Chi segue le nostre tormentate vicende venatorie sicuramente si ricorderà il titolo del nostro comunicato stampa, sul calendario dello scorso anno, che recitava così: DA POTENZIALI CECCHINI A CECCHINIANI DI FERRO.

Ebbene, nel prendere visione dell’ottimo calendario venatorio 2012-2013, non possiamo che confermare, a tutto tondo , il titolo di cui sopra perché, ancora una volta, l’Assessore Fernanda Cecchini ha dimostrato di possedere il coraggio,la lungimiranza , l’equilibrio e le doti  necessarie per ottenere la cosiddetta quadratura del cerchio, nel  pieno rispetto delle specifiche normative nazionali ed europee e della loro più ampia, compatibile applicazione, contemperando alla perfezione le esigenze del mondo venatorio, di quello agricolo e ambientalista.

Certo, qualcosa di più e di meglio forse si poteva anche fare ma, alla luce delle famigerate linee guida dell’ISPRA, il gioco (rischio)  non avrebbe assolutamente giustificato  la candela!
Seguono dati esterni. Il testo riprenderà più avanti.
lemma invariants_if_covered_by_sparsely_attached:
  assumes G: "simple_graph G"
    and cover: "\<And>a. a \<in> fst G \<Longrightarrow> \<exists>H. a \<in> fst H \<and> sparsely_attached H G
      \<and> min_degree H 4 \<and> private_nbrs_adj H \<and> private_nbrs_nonadj H"
  shows "min_degree G 4 \<and> private_nbrs_adj G \<and> private_nbrs_nonadj G"
proof (intro conjI)
  show "min_degree G 4"
    unfolding min_degree_def
  proof
    fix a assume "a \<in> fst G"
    then obtain H where H: "a \<in> fst H" "sparsely_attached H G" "min_degree H 4"
      using cover by blast
    have "nbrs H a \<subseteq> nbrs G a"
      using sparsely_attached_nbrs_subset[OF H(2,1)] by blast
    then have "card (nbrs H a) \<le> card (nbrs G a)"
      using finite_nbrs[OF G] by (rule card_mono[rotated])
    then show "4 \<le> card (nbrs G a)"
      using H unfolding min_degree_def by fastforce
  qed
  show "private_nbrs_adj G"
    unfolding private_nbrs_adj_def
  proof (intro allI impI)
    fix a b assume ab: "{a, b} \<in> snd G"
    then have "a \<in> fst G"
      using simple_graph_edgeD[OF G] by blast
    then obtain H where H: "a \<in> fst H" "sparsely_attached H G" "min_degree H 4" "private_nbrs_adj H"
      using cover by blast
    show "2 \<le> card ((nbrs G a - {b}) - (nbrs G b - {a}))"
      by (rule private_nbrs_adj_sparsely_attached[OF H(2) G H(3,4,1) ab])
  qed
  show "private_nbrs_nonadj G"
    unfolding private_nbrs_nonadj_def
  proof (intro allI impI)
    fix a b assume ab: "a \<in> fst G \<and> b \<in> fst G \<and> a \<noteq> b \<and> {a, b} \<notin> snd G"
    then obtain H where H: "a \<in> fst H" "sparsely_attached H G" "min_degree H 4" "private_nbrs_nonadj H"
      using cover by blast
    show "2 \<le> card (nbrs G a - nbrs G b)"
      using ab by (intro private_nbrs_nonadj_sparsely_attached[OF H(2) G H(3,4,1)]) auto
  qed
qed

section \<open>Joining two graphs by perfect matchings\<close>

lemma perfect_matching_betweenE:
  assumes "perfect_matching_between V1 V2 M" and "e \<in> M"
  obtains x y where "e = {x, y}" "x \<in> V1" "y \<in> V2"
proof -
  have "e \<in> {{x, y} | x y. x \<in> V1 \<and> y \<in> V2}"
    using assms unfolding perfect_matching_between_def by blast
  then show thesis
    using that by blast
qed

lemma perfect_matching_between_edgeD:
  assumes "perfect_matching_between V1 V2 M" and "{x, y} \<in> M"
  shows "x \<in> V1 \<and> y \<in> V2 \<or> x \<in> V2 \<and> y \<in> V1"
proof -
  obtain p q where "{x, y} = {p, q}" "p \<in> V1" "q \<in> V2"
    using assms by (rule perfect_matching_betweenE)
  then show ?thesis
    by (auto simp: doubleton_eq_iff)
qed

lemma perfect_matching_between_commute:
  assumes M: "perfect_matching_between V1 V2 M"
  shows "perfect_matching_between V2 V1 M"
proof -
  have "M \<subseteq> {{x, y} | x y. x \<in> V2 \<and> y \<in> V1}"
  proof
    fix e assume "e \<in> M"
    then obtain x y where "e = {x, y}" "x \<in> V1" "y \<in> V2"
      using M by (elim perfect_matching_betweenE)
    then show "e \<in> {{x, y} | x y. x \<in> V2 \<and> y \<in> V1}"
      by (auto simp: insert_commute)
  qed
  then show ?thesis
    using M unfolding perfect_matching_between_def by (simp add: Un_commute)
qed
(* Let $n\ge6$ be even and let $\varrho:G_n\to\mathcal L$ be a homomorphism. Then $\mathrm{Area}_n(p,q;\varrho)$ does not depend on the choice of $p,q\in\overline{\mathrm B}W$.
   Context: Let $W$ be a 2-dimensional complex vector space with a hermitian form $\langle\cdot,\cdot\rangle$ of signature $(+,-)$. In $\mathbb{CP}W$ let $\mathrm BW$ be the negative points (the Poincaré disc, curvature $-1$, oriented by its complex structure), $\mathrm SW$ the isotropic points, $\overline{\mathrm B}W=\mathrm BW\cup\mathrm SW$; $\mathcal L=\mathrm{PU}(W)$ is the group of orientation-preserving isometries of $\mathrm BW$. Oriented triangle area: $\mathrm{Area}\,\Delta(p_1,p_2,p_3)=2\arg(-\langle p_1,p_2\rangle\langle p_2,p_3\rangle\langle p_3,p_1\rangle)$ ($\arg\in[-\pi,\pi]$) if no two vertices are equal isotropic points, $0$ otherwise. $\mathrm{Area}(p_1,\dots,p_m):=\sum_{k=1}^m\mathrm{Area}\,\Delta(c,p_k,p_{k+1})$ (indices mod $m$), independent of $c\in\overline{\mathrm B}W$. $H_n$ is the group generated by $r_1,\dots,r_n$ with relations $r_i^2=1$, $r_n\cdots r_1=1$, indices mod $n$; for even $n$, $G_n\le H_n$ is the index-2 subgroup of words of even length in the $r_i$. Put $v_i:=r_i\cdots r_2r_1$ for $0\le i\le n-1$ ($v_0=1$); for $0\le i\le n-2$ put $w_i:=v_i$ if $i$ is even and $w_i:=v_ir_n$ if $i$ is odd, and $w_{i+n-1}:=r_nw_ir_n$; indices of the $w_i$ are mod $2n-2$; all $w_i\in G_n$. Write $w_ix$ for $\varrho(w_i)x$. Define $\mathrm{Area}_n(p,q;\varrho):=\mathrm{Area}(w_0p,w_1q,w_2p,w_3q,\dots,w_{2n-4}p,w_{2n-3}q)$ (the $2n-2$ points $w_jx_j$, with $x_j=p$ for even $j$ and $x_j=q$ for odd $j$). *)

theory Defs
  imports "HOL-Analysis.Analysis"
begin

text \<open>The hermitian space W is modelled as complex^2 with a form given by a
  hermitian matrix J: herm J u v = sum_{i,j} u_i J_ij conj(v_j)
  (linear in the first, conjugate-linear in the second argument).\<close>

definition herm :: "complex^2^2 \<Rightarrow> complex^2 \<Rightarrow> complex^2 \<Rightarrow> complex" where
  "herm J u v = (\<Sum>i\<in>UNIV. \<Sum>j\<in>UNIV. u$i * J$i$j * cnj (v$j))"
(* Suppose that for each sequence $R\in\mathbb{R}^{\mathbb{N}}$, $\mathcal{Y}_R$ is a family of metric spaces with uniform property A. If $\mathcal{X}$ is a family of metric spaces such that $\mathcal{X}$ is uniformly $R$-decomposable over $\mathcal{Y}_R$ for every $R\in\mathbb{R}^{\mathbb{N}}$, then $\mathcal{X}$ has uniform property A.
   Context: A family $\mathcal{U}$ of metric subspaces of a metric space $(X,d)$ is $r$-disjoint if $d(x,y)>r$ whenever $x\in U$, $y\in U'$ and $U\neq U'$ are elements of $\mathcal{U}$. For families $\mathcal{X},\mathcal{Y}$ of metric spaces and $R=(R_1,R_2,\dots)\in\mathbb{R}^{\mathbb{N}}$, $\mathcal{X}$ is uniformly $R$-decomposable over $\mathcal{Y}$ if there is an integer $k$ such that for each $X\in\mathcal{X}$ there exist subcollections $\mathcal{U}_1,\dots,\mathcal{U}_k\subseteq\mathcal{Y}$, consisting of subspaces of $X$ with the induced metric, such that each $\mathcal{U}_i$ is $R_i$-disjoint and $\bigcup_i\mathcal{U}_i$ covers $X$. For a metric space $X$, $\ell^1(X)$ is the $\ell^1$-space of the underlying set and $\xi_x$ denotes the value of a map $\xi\colon X\to\ell^1(X)$ at $x$. Such a map has $\varepsilon$-variation if for each $k\in\mathbb{N}$ and $x_1,x_2\in X$ with $d(x_1,x_2)\le k$ one has $\|\xi_{x_1}-\xi_{x_2}\|_1\le k\varepsilon$. A family $\mathcal{X}$ has uniform property A if for each $\varepsilon>0$ there is $S>0$ such that for each $X\in\mathcal{X}$ there is $\xi\colon X\to\ell^1(X)$ with $\|\xi_x\|_1=1$ for all $x$, $\xi$ has $\varepsilon$-variation, and $\operatorname{supp}\xi_x\subset\bar B(x,S)$ for all $x\in X$. (The paper introduces uniform property A for families of discrete metric spaces with bounded geometry.) *)

theory Defs
  imports "HOL-Analysis.Analysis"
begin

text \<open>A metric space is represented by its carrier set together with a distance
function; only the values of the distance function on the carrier matter.\<close>

type_synonym 'a mspace = "'a set \<times> ('a \<Rightarrow> 'a \<Rightarrow> real)"

definition metric_on :: "'a set \<Rightarrow> ('a \<Rightarrow> 'a \<Rightarrow> real) \<Rightarrow> bool" where
  "metric_on A d \<longleftrightarrow>
     (\<forall>x\<in>A. \<forall>y\<in>A. 0 \<le> d x y \<and> (d x y = 0 \<longleftrightarrow> x = y) \<and> d x y = d y x) \<and>
     (\<forall>x\<in>A. \<forall>y\<in>A. \<forall>z\<in>A. d x z \<le> d x y + d y z)"

definition metric_family :: "'a mspace set \<Rightarrow> bool" where
  "metric_family \<F> \<longleftrightarrow> (\<forall>(A, d) \<in> \<F>. metric_on A d)"

definition r_disjoint :: "('a \<Rightarrow> 'a \<Rightarrow> real) \<Rightarrow> real \<Rightarrow> 'a set set \<Rightarrow> bool" where
  "r_disjoint d r \<U> \<longleftrightarrow>
     (\<forall>U\<in>\<U>. \<forall>U'\<in>\<U>. U \<noteq> U' \<longrightarrow> (\<forall>x\<in>U. \<forall>y\<in>U'. d x y > r))"

definition induced_member :: "'a set \<Rightarrow> ('a \<Rightarrow> 'a \<Rightarrow> real) \<Rightarrow> 'a mspace set \<Rightarrow> bool" where
  "induced_member V d \<Y> \<longleftrightarrow>
     (\<exists>(W, e) \<in> \<Y>. W = V \<and> (\<forall>x\<in>V. \<forall>y\<in>V. e x y = d x y))"

text \<open>Uniform R-decomposability; R = (R_1, R_2, ...) is indexed from 1.\<close>
definition unif_decomposable ::
    "'a mspace set \<Rightarrow> (nat \<Rightarrow> real) \<Rightarrow> 'a mspace set \<Rightarrow> bool" where
  "unif_decomposable \<X> R \<Y> \<longleftrightarrow>
     (\<exists>k::nat. \<forall>(X, d) \<in> \<X>. \<exists>\<U> :: nat \<Rightarrow> 'a set set.
        (\<forall>i\<in>{1..k}. (\<forall>V\<in>\<U> i. V \<subseteq> X \<and> induced_member V d \<Y>) \<and> r_disjoint d (R i) (\<U> i)) \<and>
        X \<subseteq> (\<Union>i\<in>{1..k}. \<Union>(\<U> i)))"

definition l1_norm :: "'a set \<Rightarrow> ('a \<Rightarrow> real) \<Rightarrow> real" where
  "l1_norm A f = infsum (\<lambda>y. \<bar>f y\<bar>) A"

text \<open>Uniform property A; xi x is the element xi_x of l^1(X), as a function
  vanishing outside X.\<close>
definition uniform_property_A :: "'a mspace set \<Rightarrow> bool" where
  "uniform_property_A \<X> \<longleftrightarrow>
     (\<forall>eps>0. \<exists>S>0. \<forall>(X, d) \<in> \<X>. \<exists>\<xi> :: 'a \<Rightarrow> 'a \<Rightarrow> real.
        (\<forall>x\<in>X. ((\<lambda>y. \<bar>\<xi> x y\<bar>) summable_on X) \<and> l1_norm X (\<xi> x) = 1) \<and>
        (\<forall>k::nat. \<forall>x1\<in>X. \<forall>x2\<in>X. d x1 x2 \<le> real k \<longrightarrow>
            l1_norm X (\<lambda>y. \<xi> x1 y - \<xi> x2 y) \<le> real k * eps) \<and>
        (\<forall>x\<in>X. \<forall>y. \<xi> x y \<noteq> 0 \<longrightarrow> y \<in> X \<and> d x y \<le> S))"

end

theory Submission
  imports Defs
begin

text \<open>Fix \<epsilon> and scales L_i growing geometrically, and decompose X into families
  \<U>_1, ..., \<U>_K, the i-th being (2 L_i + 2/\<epsilon>)-disjoint and made of spaces that carry
  property A witnesses of small variation. The cutoff w_i = max 0 (1 - d(x, \<Union>\<U>_i) / L_i) is
  1/L_i-Lipschitz and equals 1 on \<Union>\<U>_i, so the stick-breaking weights
  w_i (1 - w_1) ... (1 - w_(i-1)) form a partition of unity. If w_i x > 0, then x lies within
  L_i of a member of \<U>_i, which by disjointness is the same for all such points within 2/\<epsilon>
  of x; x receives the witness of that member at a nearby anchor point. The weighted sum of
  these vectors varies by at most 2 \<Sum> d/L_i plus the variation of the local witnesses, and
  beyond distance 2/\<epsilon> the variation bound is trivial since all vectors have norm 1.\<close>

lemma abs_summable_on_iff_real:
  fixes f :: "'b \<Rightarrow> real"
  shows "(\<lambda>y. \<bar>f y\<bar>) summable_on A \<longleftrightarrow> f summable_on A"
  using summable_on_iff_abs_summable_on_real[of f A] by simp

lemma summable_on_diff:
  fixes f g :: "'b \<Rightarrow> real"
  assumes "f summable_on A" "g summable_on A"
  shows "(\<lambda>y. f y - g y) summable_on A"
  using summable_on_add[OF assms(1) iffD2[OF summable_on_uminus assms(2)]] by simp

lemma summable_on_sum:
  fixes f :: "'i \<Rightarrow> 'b \<Rightarrow> real"
  assumes "finite I" "\<And>i. i \<in> I \<Longrightarrow> f i summable_on A"
  shows "(\<lambda>y. \<Sum>i\<in>I. f i y) summable_on A"
  using assms by (induction I rule: finite_induct) (simp_all add: summable_on_add)

lemma infsum_sum:
  fixes f :: "'i \<Rightarrow> 'b \<Rightarrow> real"
  assumes "finite I" "\<And>i. i \<in> I \<Longrightarrow> f i summable_on A"
  shows "infsum (\<lambda>y. \<Sum>i\<in>I. f i y) A = (\<Sum>i\<in>I. infsum (f i) A)"
  using assms
  by (induction I rule: finite_induct) (simp_all add: infsum_add summable_on_sum)

lemma l1_norm_nonneg: "0 \<le> l1_norm A f"
  unfolding l1_norm_def by (rule infsum_nonneg) simp

lemma l1_norm_eq_infsum:
  assumes "\<And>y. 0 \<le> f y"
  shows "l1_norm A f = infsum f A"
  unfolding l1_norm_def using assms by simp

lemma l1_norm_le_infsum:
  fixes f g :: "'b \<Rightarrow> real"
  assumes "f summable_on A" "g summable_on A" "\<And>y. y \<in> A \<Longrightarrow> \<bar>f y\<bar> \<le> g y"
  shows "l1_norm A f \<le> infsum g A"
  unfolding l1_norm_def
  by (rule infsum_mono) (use assms in \<open>simp_all add: abs_summable_on_iff_real\<close>)

lemma l1_norm_cong_neutral_subset:
  fixes f :: "'b \<Rightarrow> real"
  assumes "V \<subseteq> A" "\<And>y. y \<notin> V \<Longrightarrow> f y = 0"
  shows "l1_norm A f = l1_norm V f"
  unfolding l1_norm_def by (rule infsum_cong_neutral) (use assms in auto)

lemma summable_on_cong_neutral_subset:
  fixes f :: "'b \<Rightarrow> real"
  assumes "V \<subseteq> A" "\<And>y. y \<notin> V \<Longrightarrow> f y = 0"
  shows "f summable_on A \<longleftrightarrow> f summable_on V"
  by (rule summable_on_cong_neutral) (use assms in auto)

lemma l1_norm_sum_le:
  fixes f :: "'i \<Rightarrow> 'b \<Rightarrow> real"
  assumes "finite I" "\<And>i. i \<in> I \<Longrightarrow> f i summable_on A"
  shows "l1_norm A (\<lambda>y. \<Sum>i\<in>I. f i y) \<le> (\<Sum>i\<in>I. l1_norm A (f i))"
proof -
  have abs_summable: "(\<lambda>y. \<bar>f i y\<bar>) summable_on A" if "i \<in> I" for i
    using assms(2)[OF that] by (simp add: abs_summable_on_iff_real)
  have "l1_norm A (\<lambda>y. \<Sum>i\<in>I. f i y) \<le> infsum (\<lambda>y. \<Sum>i\<in>I. \<bar>f i y\<bar>) A"
    using assms abs_summable by (intro l1_norm_le_infsum summable_on_sum sum_abs)
  also have "\<dots> = (\<Sum>i\<in>I. l1_norm A (f i))"
    unfolding l1_norm_def using assms(1) abs_summable by (rule infsum_sum)
  finally show ?thesis .
qed

lemma l1_norm_diff_le:
  fixes f g :: "'b \<Rightarrow> real"
  assumes "f summable_on A" "g summable_on A"
  shows "l1_norm A (\<lambda>y. f y - g y) \<le> l1_norm A f + l1_norm A g"
proof -
  have abs_summable: "(\<lambda>y. \<bar>f y\<bar>) summable_on A" "(\<lambda>y. \<bar>g y\<bar>) summable_on A"
    using assms by (simp_all add: abs_summable_on_iff_real)
  have "l1_norm A (\<lambda>y. f y - g y) \<le> infsum (\<lambda>y. \<bar>f y\<bar> + \<bar>g y\<bar>) A"
    using assms abs_summable
    by (intro l1_norm_le_infsum summable_on_diff summable_on_add abs_triangle_ineq4)
  also have "\<dots> = l1_norm A f + l1_norm A g"
    unfolding l1_norm_def using abs_summable by (rule infsum_add)
  finally show ?thesis .
qed

lemma l1_norm_abs_diff_le:
  fixes f g :: "'b \<Rightarrow> real"
  assumes "f summable_on A" "g summable_on A"
  shows "l1_norm A (\<lambda>y. \<bar>f y\<bar> - \<bar>g y\<bar>) \<le> l1_norm A (\<lambda>y. f y - g y)"
proof -
  have "(\<lambda>y. \<bar>f y\<bar>) summable_on A" "(\<lambda>y. \<bar>g y\<bar>) summable_on A"
    using assms by (simp_all add: abs_summable_on_iff_real)
  then show ?thesis
    unfolding l1_norm_def using summable_on_diff[OF assms]
    by (intro infsum_mono abs_triangle_ineq3) (simp_all add: abs_summable_on_iff_real summable_on_diff)
qed

lemma l1_norm_scaled_diff_le:
  fixes f g :: "'b \<Rightarrow> real"
  assumes "f summable_on A" "g summable_on A"
  shows "l1_norm A (\<lambda>y. a * f y - b * g y)
           \<le> \<bar>a - b\<bar> * l1_norm A f + \<bar>b\<bar> * l1_norm A (\<lambda>y. f y - g y)"
proof -
  have f_abs: "(\<lambda>y. \<bar>f y\<bar>) summable_on A" and fg_abs: "(\<lambda>y. \<bar>f y - g y\<bar>) summable_on A"
    using assms summable_on_diff[OF assms] by (simp_all add: abs_summable_on_iff_real)
  have pointwise: "\<bar>a * f y - b * g y\<bar> \<le> \<bar>a - b\<bar> * \<bar>f y\<bar> + \<bar>b\<bar> * \<bar>f y - g y\<bar>" for y
  proof -
    have "a * f y - b * g y = (a - b) * f y + b * (f y - g y)" by (simp add: algebra_simps)
    then show ?thesis by (metis abs_mult abs_triangle_ineq)
  qed
  have "l1_norm A (\<lambda>y. a * f y - b * g y)
          \<le> infsum (\<lambda>y. \<bar>a - b\<bar> * \<bar>f y\<bar> + \<bar>b\<bar> * \<bar>f y - g y\<bar>) A"
    using assms f_abs fg_abs pointwise
    by (intro l1_norm_le_infsum summable_on_diff summable_on_add summable_on_cmult_right)
  also have "\<dots> = \<bar>a - b\<bar> * l1_norm A f + \<bar>b\<bar> * l1_norm A (\<lambda>y. f y - g y)"
    unfolding l1_norm_def using f_abs fg_abs
    by (simp add: infsum_add infsum_cmult_right summable_on_cmult_right)
  finally show ?thesis .
qed

lemma l1_norm_cmult:
  fixes f :: "'b \<Rightarrow> real"
  shows "l1_norm A (\<lambda>y. c * f y) = \<bar>c\<bar> * l1_norm A f"
  unfolding l1_norm_def by (simp add: abs_mult infsum_cmult_right')

lemma l1_norm_convex_diff_le:
  fixes f g :: "'b \<Rightarrow> real"
  assumes "f summable_on A" "g summable_on A" "l1_norm A f \<le> 1" "l1_norm A g \<le> 1"
    and "0 \<le> a" "0 \<le> b" "0 \<le> \<delta>"
    and "0 < a \<Longrightarrow> 0 < b \<Longrightarrow> l1_norm A (\<lambda>y. f y - g y) \<le> \<delta>"
  shows "l1_norm A (\<lambda>y. a * f y - b * g y) \<le> \<bar>a - b\<bar> + b * \<delta>"
proof (cases "0 < a \<and> 0 < b")
  case True
  have "l1_norm A (\<lambda>y. a * f y - b * g y)
          \<le> \<bar>a - b\<bar> * l1_norm A f + \<bar>b\<bar> * l1_norm A (\<lambda>y. f y - g y)"
    using assms(1,2) by (rule l1_norm_scaled_diff_le)
  also have "\<dots> \<le> \<bar>a - b\<bar> * 1 + b * \<delta>"
    using True assms by (intro add_mono mult_mono) (auto simp: l1_norm_nonneg)
  finally show ?thesis by simp
next
  case False
  then have "a = 0 \<or> b = 0" using assms(5,6) by linarith
  have "l1_norm A (\<lambda>y. a * f y - b * g y) \<le> a * l1_norm A f + b * l1_norm A g"
    using l1_norm_diff_le[of "\<lambda>y. a * f y" A "\<lambda>y. b * g y"] assms(1,2,5,6)
    by (simp add: l1_norm_cmult summable_on_cmult_right)
  also have "\<dots> \<le> \<bar>a - b\<bar>"
    using \<open>a = 0 \<or> b = 0\<close> assms(3-6) by (auto simp: mult_left_le)
  finally show ?thesis using mult_nonneg_nonneg[OF assms(6,7)] by linarith
qed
E allora ecco perché, ancora una volta,   e più che mai, ci sentiamo cecchiniani di ferro.  Orgogliosi di esserlo, sia come cacciatori di lungo corso, (vedi data di chiusura Turdidi e Beccaccia al 31 gennaio e quest’ultima prelevabile a gennaio, in forma vagante, SOLO nei boschi, apertura alla stanziale dalla terza domenica di settembre, ecc.) sia come modesti rappresentanti di una piccola, ma non secondaria, parte  del mondo agricolo, impegnato nella produzione di fauna selvatica e nella gestione degli Istituti Privati di Caccia.

Cecchiniani di ferro anche perché le scelte operate dalla Giunta Regionale, compatibilmente alle normative vigenti, vanno ben oltre quello che in altre Regioni hanno fatto finora in materia di calendari venatori (roba da mettersi le mani nei capelli!) e poi perché, come accennato in precedenza, tali scelte, anche a dispetto, di alcuni insistenti, inopportuni  suggerimenti, hanno  finito per  contemperare ed integrare sostanzialmente  le esigenze delle diverse parti sociali interessate.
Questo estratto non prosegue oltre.